(Available data begins)

(* In the setting described in the context (in particular under the standing assumption that, for every $Q\in\Gamma$, the tie sets are $D$-negligible so that the lower-level problem LL$(Q)$ has a unique solution $\widehat{A}(Q)$), the bilevel problem $$\min_{Q\in\Gamma}\ \mathcal{F}(Q)=\sum_{i=1}^{\rho}\Bigl[I_i\Bigl(\int_{P_i^{q_i}}B(q)\,dq\Bigr)+C_i\Bigl(\int_{\widehat{A}_i(Q)}D(q)\,dq\Bigr)\Bigr]+L\Bigl(\int_{P_1^{q_1}\cup\dots\cup P_\rho^{q_\rho}}D(q)\,dq\Bigr)$$ admits an optimal solution $Q^*\in\Gamma$.
   Context: Let $\Omega\subseteq\mathbb{R}^2$ be compact Borel; $D:\Omega\to[0,\infty)$, $D\in\mathcal{L}^2(\Omega)$, $\int_\Omega D=1$ (demand density); a set $Z$ is $D$-negligible if $\int_Z D=0$. $B:\Omega\to[0,\infty)$, $B\in\mathcal{L}^2(\Omega)$, $\int_\Omega B<\infty$ (base installation cost density). Let $\rho\in\mathbb{N}$; for each $i$, $P_i$ is a compact set that is the closure of a nonempty open connected set, with a root point $p_i\in P_i$, and $P_i^{q}:=P_i+(q-p_i)$ for $q\in\mathbb{R}^2$. $\Omega_i=\{q:P_i^q\subseteq\Omega\}$, $\Gamma=\{(q_1,\dots,q_\rho)\in\Omega_1\times\dots\times\Omega_\rho:\operatorname{int}(P_i^{q_i})\cap\operatorname{int}(P_j^{q_j})=\emptyset\ \forall i\ne j\}$, assumed nonempty. For $Q\in\Gamma$, $\Omega(Q)=\Omega\setminus\bigcup_i\operatorname{int}(P_i^{q_i})$ and $\mathcal{A}_\rho(Q)$ is the set of $\rho$-tuples of pairwise disjoint Borel sets whose union is $\Omega(Q)$ up to a $D$-negligible set. For each $i$, $u_i:\mathbb{R}^2\times\mathbb{R}^2\to\mathbb{R}$ is continuous and $a_i>0$. LL$(Q)$ is the problem of minimizing $\sum_{i=1}^\rho\int_{A_i}[a_i+u_i(q,q_i)]D(q)\,dq$ over $(A_1,\dots,A_\rho)\in\mathcal{A}_\rho(Q)$. Standing assumption: for every $Q=(q_1,\dots,q_\rho)\in\Gamma$ and all $i\neq j$, the set $\{q\in\Omega(Q):a_i+u_i(q,q_i)=a_j+u_j(q,q_j)\}$ is $D$-negligible; then LL$(Q)$ has a unique solution (up to $D$-negligible sets) $\widehat{A}(Q)=(\widehat{A}_1(Q),\dots,\widehat{A}_\rho(Q))$ with $\widehat{A}_i(Q)=\{q\in\Omega(Q):a_i+u_i(q,q_i)<a_j+u_j(q,q_j)\ \forall j\ne i\}$. Cost functions: $I_i:\mathbb{R}\to[0,\infty)$ non-decreasing and continuous (installation), $C_i:[0,1]\to[0,\infty)$ non-decreasing and continuous (congestion), $L:[0,1]\to[0,\infty)$ non-decreasing and continuous (lost demand). *)

theory Defs
  imports "HOL-Analysis.Analysis" "HOL-Library.FuncSet"
begin

type_synonym pt = "real ^ 2"

definition translate_poly :: "pt set \<Rightarrow> pt \<Rightarrow> pt \<Rightarrow> pt set" where
  "translate_poly P p q = (\<lambda>x. x + (q - p)) ` P"

definition D_negligible :: "(pt \<Rightarrow> real) \<Rightarrow> pt set \<Rightarrow> bool" where
  "D_negligible D Z \<longleftrightarrow> (LINT q:Z|lebesgue. D q) = 0"

definition feas_root :: "pt set \<Rightarrow> pt set \<Rightarrow> pt \<Rightarrow> pt set" where
  "feas_root \<Omega> P p = {q. translate_poly P p q \<subseteq> \<Omega>}"

definition Gamma :: "pt set \<Rightarrow> nat \<Rightarrow> (nat \<Rightarrow> pt set) \<Rightarrow> (nat \<Rightarrow> pt) \<Rightarrow> (nat \<Rightarrow> pt) set" where
  "Gamma \<Omega> \<rho> P p = {Q. Q \<in> {..<\<rho>} \<rightarrow>\<^sub>E UNIV
      \<and> (\<forall>i<\<rho>. Q i \<in> feas_root \<Omega> (P i) (p i))
      \<and> (\<forall>i<\<rho>. \<forall>j<\<rho>. i \<noteq> j \<longrightarrow>
           interior (translate_poly (P i) (p i) (Q i)) \<inter> interior (translate_poly (P j) (p j) (Q j)) = {})}"

definition free_region :: "pt set \<Rightarrow> nat \<Rightarrow> (nat \<Rightarrow> pt set) \<Rightarrow> (nat \<Rightarrow> pt) \<Rightarrow> (nat \<Rightarrow> pt) \<Rightarrow> pt set" where
  "free_region \<Omega> \<rho> P p Q = \<Omega> - (\<Union>i<\<rho>. interior (translate_poly (P i) (p i) (Q i)))"

definition A_hat :: "pt set \<Rightarrow> nat \<Rightarrow> (nat \<Rightarrow> pt set) \<Rightarrow> (nat \<Rightarrow> pt)
    \<Rightarrow> (nat \<Rightarrow> real) \<Rightarrow> (nat \<Rightarrow> pt \<Rightarrow> pt \<Rightarrow> real) \<Rightarrow> (nat \<Rightarrow> pt) \<Rightarrow> nat \<Rightarrow> pt set" where
  "A_hat \<Omega> \<rho> P p a u Q i = {q \<in> free_region \<Omega> \<rho> P p Q.
      \<forall>j<\<rho>. j \<noteq> i \<longrightarrow> a i + u i q (Q i) < a j + u j q (Q j)}"

definition upper_obj :: "pt set \<Rightarrow> nat \<Rightarrow> (nat \<Rightarrow> pt set) \<Rightarrow> (nat \<Rightarrow> pt)
    \<Rightarrow> (nat \<Rightarrow> real) \<Rightarrow> (nat \<Rightarrow> pt \<Rightarrow> pt \<Rightarrow> real) \<Rightarrow> (pt \<Rightarrow> real) \<Rightarrow> (pt \<Rightarrow> real)
    \<Rightarrow> (nat \<Rightarrow> real \<Rightarrow> real) \<Rightarrow> (nat \<Rightarrow> real \<Rightarrow> real) \<Rightarrow> (real \<Rightarrow> real)
    \<Rightarrow> (nat \<Rightarrow> pt) \<Rightarrow> real" where
  "upper_obj \<Omega> \<rho> P p a u D B I C L Q =
     (\<Sum>i<\<rho>. I i (LINT q:translate_poly (P i) (p i) (Q i)|lebesgue. B q)
             + C i (LINT q:A_hat \<Omega> \<rho> P p a u Q i|lebesgue. D q))
     + L (LINT q:(\<Union>i<\<rho>. translate_poly (P i) (p i) (Q i))|lebesgue. D q)"

end

theory Submission
  imports Defs
begin

text \<open>The set \<open>\<Gamma>\<close> of feasible placements is compact: it lies in the compact box of
placements inside \<open>\<Omega>\<close>, and it is closed because containment in the closed set \<open>\<Omega>\<close> is
preserved under limits while overlapping of two open interiors is an open condition.
The objective is continuous on \<open>\<Gamma>\<close>: moving a polygon changes the region it covers, and
the free region, by a set of small Lebesgue measure (translation is continuous in measure), so
by absolute continuity of the integral the \<open>B\<close>- and \<open>D\<close>-masses of these regions depend
continuously on the placement. For the lower-level cells \<open>\<widehat>A\<^sub>i(Q)\<close>, a point at which the
strict preference for facility \<open>i\<close> is not a tie keeps its preference under small moves by
continuity of the \<open>u\<^sub>j\<close>, and ties are \<open>D\<close>-negligible, so dominated convergence applies.
A continuous function attains its minimum on a non-empty compact set.\<close>

section \<open>Absolute continuity of the integral\<close>

lemma set_integral_nonneg_real:
  fixes f :: "'a \<Rightarrow> real"
  assumes "\<And>x. 0 \<le> f x" shows "0 \<le> set_lebesgue_integral M A f"
  unfolding set_lebesgue_integral_def using assms by (intro integral_nonneg_AE) auto

lemma integral_truncation_tendsto_0:
  fixes f :: "'a \<Rightarrow> real"
  assumes f: "integrable M f" "\<And>x. 0 \<le> f x"
  shows "(\<lambda>k. LINT x|M. f x - min (f x) (real k)) \<longlonglongrightarrow> 0"
proof -
  have "(\<lambda>k. LINT x|M. f x - min (f x) (real k)) \<longlonglongrightarrow> (LINT x|M. 0)"
  proof (rule integral_dominated_convergence[OF _ _ f(1)])
    show "AE x in M. (\<lambda>k. f x - min (f x) (real k)) \<longlonglongrightarrow> 0"
    proof (rule AE_I2)
      fix x
      obtain N where "f x \<le> real N" using real_arch_simple by blast
      then have "eventually (\<lambda>k. f x - min (f x) (real k) = 0) sequentially"
        unfolding eventually_sequentially by (intro exI[of _ N]) auto
      then show "(\<lambda>k. f x - min (f x) (real k)) \<longlonglongrightarrow> 0" by (rule tendsto_eventually)
    qed
  qed (use f in auto)
  then show ?thesis by simp
qed

lemma set_integral_le_truncation:
  fixes f :: "'a \<Rightarrow> real"
  assumes f: "integrable M f" "\<And>x. 0 \<le> f x" and A: "A \<in> fmeasurable M" and "0 \<le> k"
  shows "(LINT x:A|M. f x) \<le> (LINT x|M. f x - min (f x) k) + k * measure M A"
proof -
  have g: "integrable M (\<lambda>x. f x - min (f x) k)"
    by (rule Bochner_Integration.integrable_bound[OF f(1)]) (use f \<open>0 \<le> k\<close> in auto)
  have A': "integrable M (indicator A :: 'a \<Rightarrow> real)"
    using A by (auto simp: fmeasurable_def)
  have "(LINT x:A|M. f x) \<le> (LINT x|M. (f x - min (f x) k) + k * indicator A x)"
    unfolding set_lebesgue_integral_def
  proof (rule integral_mono)
    show "integrable M (\<lambda>x. indicator A x *\<^sub>R f x)"
      using A f(1) by (intro integrable_mult_indicator) auto
    show "integrable M (\<lambda>x. (f x - min (f x) k) + k * indicator A x)"
      using g A' by auto
  qed (use f(2) in \<open>auto simp: indicator_def\<close>)
  also have "\<dots> = (LINT x|M. f x - min (f x) k) + k * measure M A"
    using g A' A by (simp add: fmeasurableD sets.Int_space_eq2)
  finally show ?thesis .
qed

lemma set_integral_tendsto_0_if_measure_tendsto_0:
  fixes f :: "'a \<Rightarrow> real"
  assumes f: "integrable M f" "\<And>x. 0 \<le> f x"
    and A: "\<And>n. A n \<in> fmeasurable M" "(\<lambda>n. measure M (A n)) \<longlonglongrightarrow> 0"
  shows "(\<lambda>n. LINT x:A n|M. f x) \<longlonglongrightarrow> 0"
proof (rule LIMSEQ_I)
  fix r :: real assume "r > 0"
  obtain k where k: "(LINT x|M. f x - min (f x) (real k)) < r / 2"
    using LIMSEQ_D[OF integral_truncation_tendsto_0[OF f], of "r / 2"] \<open>r > 0\<close> by auto
  have "r / (2 * (real k + 1)) > 0" using \<open>r > 0\<close> by auto
  then obtain N where N: "\<And>n. n \<ge> N \<Longrightarrow> measure M (A n) < r / (2 * (real k + 1))"
    using LIMSEQ_D[OF A(2)] by auto
  have "\<bar>LINT x:A n|M. f x\<bar> < r" if "n \<ge> N" for n
  proof -
    have "real k * measure M (A n) \<le> real k * (r / (2 * (real k + 1)))"
      using N[OF that] by (intro mult_left_mono) auto
    also have "\<dots> \<le> r / 2"
      using \<open>r > 0\<close> by (simp add: field_simps)
    finally have "real k * measure M (A n) \<le> r / 2" .
    moreover have "(LINT x:A n|M. f x) \<le> (LINT x|M. f x - min (f x) (real k)) + real k * measure M (A n)"
      using set_integral_le_truncation[OF f A(1)] by simp
    moreover have "0 \<le> (LINT x:A n|M. f x)"
      using set_integral_nonneg_real[where f = f, OF f(2)] .
    ultimately show ?thesis
      using k by linarith
  qed
  then show "\<exists>N. \<forall>n\<ge>N. norm ((LINT x:A n|M. f x) - 0) < r" by auto
qed

section \<open>Convergence of sets in weighted measure\<close>

definition set_tendsto :: "'a measure \<Rightarrow> ('a \<Rightarrow> real) \<Rightarrow> (nat \<Rightarrow> 'a set) \<Rightarrow> 'a set \<Rightarrow> bool" where
  "set_tendsto M f E E0 \<longleftrightarrow> (\<forall>n. E n \<in> sets M) \<and> E0 \<in> sets M \<and>
     (\<lambda>n. LINT x:sym_diff (E n) E0|M. f x) \<longlonglongrightarrow> 0"

context
  fixes M :: "'a measure" and f :: "'a \<Rightarrow> real"
  assumes f_integrable: "integrable M f" and f_nonneg: "\<And>x. 0 \<le> f x"
begin

lemma set_integrable_real: "A \<in> sets M \<Longrightarrow> set_integrable M A f"
  unfolding set_integrable_def by (rule integrable_mult_indicator[OF _ f_integrable])

lemma set_integral_le_cover:
  assumes "S \<in> sets M" "S1 \<in> sets M" "S2 \<in> sets M" and "S \<subseteq> S1 \<union> S2"
  shows "(LINT x:S|M. f x) \<le> (LINT x:S1|M. f x) + (LINT x:S2|M. f x)"
proof -
  have "(LINT x:S|M. f x) \<le> (LINT x|M. indicator S1 x *\<^sub>R f x + indicator S2 x *\<^sub>R f x)"
    unfolding set_lebesgue_integral_def
    using assms set_integrable_real[unfolded set_integrable_def] f_nonneg
    by (intro integral_mono) (auto simp: indicator_def)
  also have "\<dots> = (LINT x:S1|M. f x) + (LINT x:S2|M. f x)"
    unfolding set_lebesgue_integral_def
    using assms set_integrable_real[unfolded set_integrable_def] by (intro Bochner_Integration.integral_add) auto
  finally show ?thesis .
qed

lemma set_tendsto_if_sym_diff_subset:
  assumes E: "set_tendsto M f E E0" and G: "set_tendsto M f G G0"
    and H: "\<And>n. H n \<in> sets M" "H0 \<in> sets M"
    and sub: "\<And>n. sym_diff (H n) H0 \<subseteq> sym_diff (E n) E0 \<union> sym_diff (G n) G0"
  shows "set_tendsto M f H H0"
  unfolding set_tendsto_def
proof (intro conjI allI H)
  have lim: "(\<lambda>n. (LINT x:sym_diff (E n) E0|M. f x) + (LINT x:sym_diff (G n) G0|M. f x)) \<longlonglongrightarrow> 0 + 0"
    using E G unfolding set_tendsto_def by (intro tendsto_add) auto
  show "(\<lambda>n. LINT x:sym_diff (H n) H0|M. f x) \<longlonglongrightarrow> 0"
  proof (rule tendsto_sandwich[OF always_eventually always_eventually])
    show "\<forall>n. 0 \<le> (LINT x:sym_diff (H n) H0|M. f x)"
      using set_integral_nonneg_real f_nonneg by blast
    show "\<forall>n. (LINT x:sym_diff (H n) H0|M. f x)
        \<le> (LINT x:sym_diff (E n) E0|M. f x) + (LINT x:sym_diff (G n) G0|M. f x)"
      using E G H sub unfolding set_tendsto_def by (intro allI set_integral_le_cover) auto
  qed (use lim in auto)
qed

lemma set_tendsto_const: "E \<in> sets M \<Longrightarrow> set_tendsto M f (\<lambda>n. E) E"
  unfolding set_tendsto_def set_lebesgue_integral_def by simp

lemma set_tendsto_Un:
  assumes "set_tendsto M f E E0" "set_tendsto M f G G0"
  shows "set_tendsto M f (\<lambda>n. E n \<union> G n) (E0 \<union> G0)"
  using assms by (intro set_tendsto_if_sym_diff_subset[OF assms]) (auto simp: set_tendsto_def)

(Available data ends)

Of the entries above, repeat exactly the lines from the line with "pt \<Rightarrow> pt \<Rightarrow> pt" through the line with "j \<noteq> i", both of them included.

definition translate_poly :: "pt set \<Rightarrow> pt \<Rightarrow> pt \<Rightarrow> pt set" where
  "translate_poly P p q = (\<lambda>x. x + (q - p)) ` P"

definition D_negligible :: "(pt \<Rightarrow> real) \<Rightarrow> pt set \<Rightarrow> bool" where
  "D_negligible D Z \<longleftrightarrow> (LINT q:Z|lebesgue. D q) = 0"

definition feas_root :: "pt set \<Rightarrow> pt set \<Rightarrow> pt \<Rightarrow> pt set" where
  "feas_root \<Omega> P p = {q. translate_poly P p q \<subseteq> \<Omega>}"

definition Gamma :: "pt set \<Rightarrow> nat \<Rightarrow> (nat \<Rightarrow> pt set) \<Rightarrow> (nat \<Rightarrow> pt) \<Rightarrow> (nat \<Rightarrow> pt) set" where
  "Gamma \<Omega> \<rho> P p = {Q. Q \<in> {..<\<rho>} \<rightarrow>\<^sub>E UNIV
      \<and> (\<forall>i<\<rho>. Q i \<in> feas_root \<Omega> (P i) (p i))
      \<and> (\<forall>i<\<rho>. \<forall>j<\<rho>. i \<noteq> j \<longrightarrow>
           interior (translate_poly (P i) (p i) (Q i)) \<inter> interior (translate_poly (P j) (p j) (Q j)) = {})}"

definition free_region :: "pt set \<Rightarrow> nat \<Rightarrow> (nat \<Rightarrow> pt set) \<Rightarrow> (nat \<Rightarrow> pt) \<Rightarrow> (nat \<Rightarrow> pt) \<Rightarrow> pt set" where
  "free_region \<Omega> \<rho> P p Q = \<Omega> - (\<Union>i<\<rho>. interior (translate_poly (P i) (p i) (Q i)))"

definition A_hat :: "pt set \<Rightarrow> nat \<Rightarrow> (nat \<Rightarrow> pt set) \<Rightarrow> (nat \<Rightarrow> pt)
    \<Rightarrow> (nat \<Rightarrow> real) \<Rightarrow> (nat \<Rightarrow> pt \<Rightarrow> pt \<Rightarrow> real) \<Rightarrow> (nat \<Rightarrow> pt) \<Rightarrow> nat \<Rightarrow> pt set" where
  "A_hat \<Omega> \<rho> P p a u Q i = {q \<in> free_region \<Omega> \<rho> P p Q.
      \<forall>j<\<rho>. j \<noteq> i \<longrightarrow> a i + u i q (Q i) < a j + u j q (Q j)}"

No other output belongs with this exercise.